EXCLUSIVE: Education Secretary orders urgent review into ‘unacceptable’ decision to allow pro-Hamas teacher to carry on working

Bridget Phillipson told Jewish News: 'Nobody who glorifies a terrorist organisation should be teaching children'

Bridget Phillipson, education secretary
Bridget Phillipson, education secretary

Education Secretary Bridget Phillipson has ordered an urgent review into the “unacceptable” decision to allow a teacher who praised Hamas to remain in the profession, stating: “Nobody who glorifies a terrorist organisation should be teaching children.”

Ronan Preston, a Year 9 tutor at Ursuline High School in Wimbledon, southwest London, described the 7 October attacks on Israel as a “justified act of resistance” and called for “glory to Hamas” in social media posts.

He also labelled Hamas terrorists as “defenders of humanity”, writing: “May God grand [sic] them victory in their homeland over the grotesque, barbaric, idol worshipping invaders.”

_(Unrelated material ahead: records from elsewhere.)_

lemma sum_primes_pi_div_squares_head:
  assumes "1 < X"
  shows "(\<Sum>a\<in>{2..<c}. real (primes_pi (n div a ^ 2)))
    \<le> real c * X + (5 / 6 * chebyshev_A * n + 30 * real c * sqrt n) / ln X"
proof -
  define K where "K = 6 / 5 * chebyshev_A * n / ln X"
  have "0 \<le> K" "0 < ln X" using assms chebyshev_A_pos by (simp_all add: K_def)
  have "(\<Sum>a\<in>{2..<c}. real (primes_pi (n div a ^ 2)))
      \<le> (\<Sum>a\<in>{2..<c}. X + K * (1 / real a ^ 2) + 30 * sqrt n / ln X)"
    unfolding K_def using assms by (intro sum_mono primes_pi_div_square_le)
  also have "\<dots> = real (c - 2) * X + K * (\<Sum>a\<in>{2..<c}. 1 / real a ^ 2)
      + real (c - 2) * (30 * sqrt n / ln X)"
    by (simp add: sum.distrib sum_distrib_left)
  also have "\<dots> \<le> real c * X + K * (25 / 36) + real c * (30 * sqrt n / ln X)"
    using assms \<open>0 \<le> K\<close> \<open>0 < ln X\<close> sum_inverse_squares_from_2_le
    by (intro add_mono mult_right_mono mult_left_mono) auto
  also have "\<dots> = real c * X + (5 / 6 * chebyshev_A * n + 30 * real c * sqrt n) / ln X"
    using \<open>0 < ln X\<close> by (simp add: K_def field_simps)
  finally show ?thesis .
qed

lemma card_SP_less_le:
  fixes n c :: nat and X :: real
  assumes "2 \<le> c" "1 < X"
  shows "real (card {m. m < n \<and> SP m})
    \<le> n / (real c - 1) + real c * X + (5 / 6 * chebyshev_A * n + 30 * real c * sqrt n) / ln X"
proof -
  have "{2..n} \<subseteq> {2..<c} \<union> {c..n}" by auto
  then have "(\<Sum>a\<in>{2..n}. real (primes_pi (n div a ^ 2)))
      \<le> (\<Sum>a\<in>{2..<c} \<union> {c..n}. real (primes_pi (n div a ^ 2)))"
    by (intro sum_mono2) auto
  also have "\<dots> = (\<Sum>a\<in>{2..<c}. real (primes_pi (n div a ^ 2)))
      + (\<Sum>a\<in>{c..n}. real (primes_pi (n div a ^ 2)))"
    by (intro sum.union_disjoint) auto
  finally show ?thesis
    using card_SP_less_le_sum_primes_pi[of n, THEN of_nat_mono[where 'a = real]]
      sum_primes_pi_div_squares_head[OF assms(2), of n c] sum_primes_pi_div_squares_tail[OF assms(1), of n]
    unfolding of_nat_sum by linarith
qed

text \<open>The two bounds below correspond to the choices \<open>c = \<lceil>ln\<^sup>2 x\<rceil>\<close> and \<open>X = x / ln\<^sup>4 x\<close> in
  \<open>card_SP_less_le\<close>, and to \<open>\<pi>(n) ln n \<ge> \<psi>(n - 1)\<close>.\<close>

definition SP_count_bound :: "real \<Rightarrow> real \<Rightarrow> real" where
  "SP_count_bound A x = x / (ln x ^ 2 - 1) + (ln x ^ 2 + 1) * (x / ln x ^ 4)
     + (5 / 6 * A * x + 30 * (ln x ^ 2 + 1) * sqrt x) / ln (x / ln x ^ 4)"

definition primes_count_bound :: "real \<Rightarrow> real \<Rightarrow> real" where
  "primes_count_bound A x = (A * (x - 1) - 5 * (ln x + 1)) / ln x"

lemma card_SP_less_le_SP_count_bound:
  fixes n :: nat
  assumes "2 \<le> ln n" "1 < n / ln n ^ 4"
  shows "real (card {m. m < n \<and> SP m}) \<le> SP_count_bound chebyshev_A n"
proof -
  define c where "c = nat \<lceil>ln n ^ 2\<rceil>"
  define X where "X = n / ln n ^ 4"
  have "2 ^ 2 \<le> ln n ^ 2"
    using assms(1) by (intro power_mono) auto
  then have "real c = of_int \<lceil>ln n ^ 2\<rceil>"
    unfolding c_def by simp
  then have c: "ln n ^ 2 \<le> c" "c \<le> ln n ^ 2 + 1"
    using le_of_int_ceiling[of "ln n ^ 2"] of_int_ceiling_le_add_one[of "ln n ^ 2"] by linarith+
  then have "real 2 \<le> real c"
    using \<open>2 ^ 2 \<le> ln n ^ 2\<close> by simp
  then have "2 \<le> c"
    by (simp only: of_nat_le_iff)
  have "0 < ln X" using assms(2) by (simp add: X_def)
  have "real (card {m. m < n \<and> SP m})
      \<le> n / (real c - 1) + real c * X + (5 / 6 * chebyshev_A * n + 30 * real c * sqrt n) / ln X"
    using \<open>2 \<le> c\<close> assms(2) unfolding X_def by (intro card_SP_less_le) auto
  also have "n / (real c - 1) \<le> n / (ln n ^ 2 - 1)"
    using c \<open>2 ^ 2 \<le> ln n ^ 2\<close> by (intro divide_left_mono) auto
  also have "real c * X \<le> (ln n ^ 2 + 1) * X"
    using c assms(2) by (intro mult_right_mono) (auto simp: X_def)
  also have "(5 / 6 * chebyshev_A * n + 30 * real c * sqrt n) / ln X
      \<le> (5 / 6 * chebyshev_A * n + 30 * (ln n ^ 2 + 1) * sqrt n) / ln X"
    using c \<open>0 < ln X\<close> by (intro divide_right_mono add_left_mono mult_right_mono) auto
  finally show ?thesis
    unfolding SP_count_bound_def X_def by simp
qed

Following widespread communal anger over the Teaching Regulation Agency’s decision not to ban Preston, Phillipson confirmed to Jewish News she has “asked the Permanent Secretary to carry out an urgent review of the TRA’s processes”.

Ronan Preston

In particular, she asked for an overview of the body’s “framework of delegations, thresholds and mitigations related to a decision to prohibit a teacher when a finding of unacceptable professional conduct has been made.”

Preston had been suspended and reported to the police over his posts, made between January and April 2024, before being dismissed.

After losing his job, Preston, also known as Ronan Preastuin, returned to Ireland, to work as a substitute teacher.

Although Preston was referred to a misconduct panel and found to have committed “unacceptable professional conduct,” he was spared a ban.

The Teaching Regulation Agency concluded that publishing its findings was sufficient punishment, a move that sparked further anger.

Preston told the TRA he was “remorseful” and claimed the “highly offensive” posts were “a mistake” that had left him “mortified” and “ashamed.”

He said he “wished to apologise unreservedly to the Jewish community.”

Panel chairman Adnan Qureshi said: “He [Mr Preston] stated that at the relevant time he had become ‘rather consumed’ with the events in Israel and Palestine and that he had ‘struggled to look beyond the scenes being portrayed’.”

But Phillipson told Jewish News:““Nobody who glorifies a terrorist organisation should be teaching children – it’s clearly unacceptable.

“Individual decisions by the Teaching Regulation Agency are taken at arm’s length from Ministers but I have asked the Permanent Secretary to carry out an urgent review of the TRA’s processes and in particular, the framework of delegations, thresholds and mitigations related to a decision to prohibit a teacher when a finding of unacceptable professional conduct has been made”.

Phillipson had been among the speakers at last Sunday’s Jewish Labour Movement conference.

She spoke of the need to hold education and university chiefs “to account” over the need to tackle antisemitism in schools and on campuses.

The cabinet minister also praised the work of the Union of Jewish Students in fighting the scourge of anti-Jewish racism.

She also said she had been “encouraged” by the work of Director of Free Speech Arif Ahmed,  who she felt “had been very clear that freedom of speech and academic freedom does not mean that Jewish students should be subject to harassment, intimidation, or feel unsafe.”

Phillipson also noted the rise in enforcement action by police over “matters criminal.”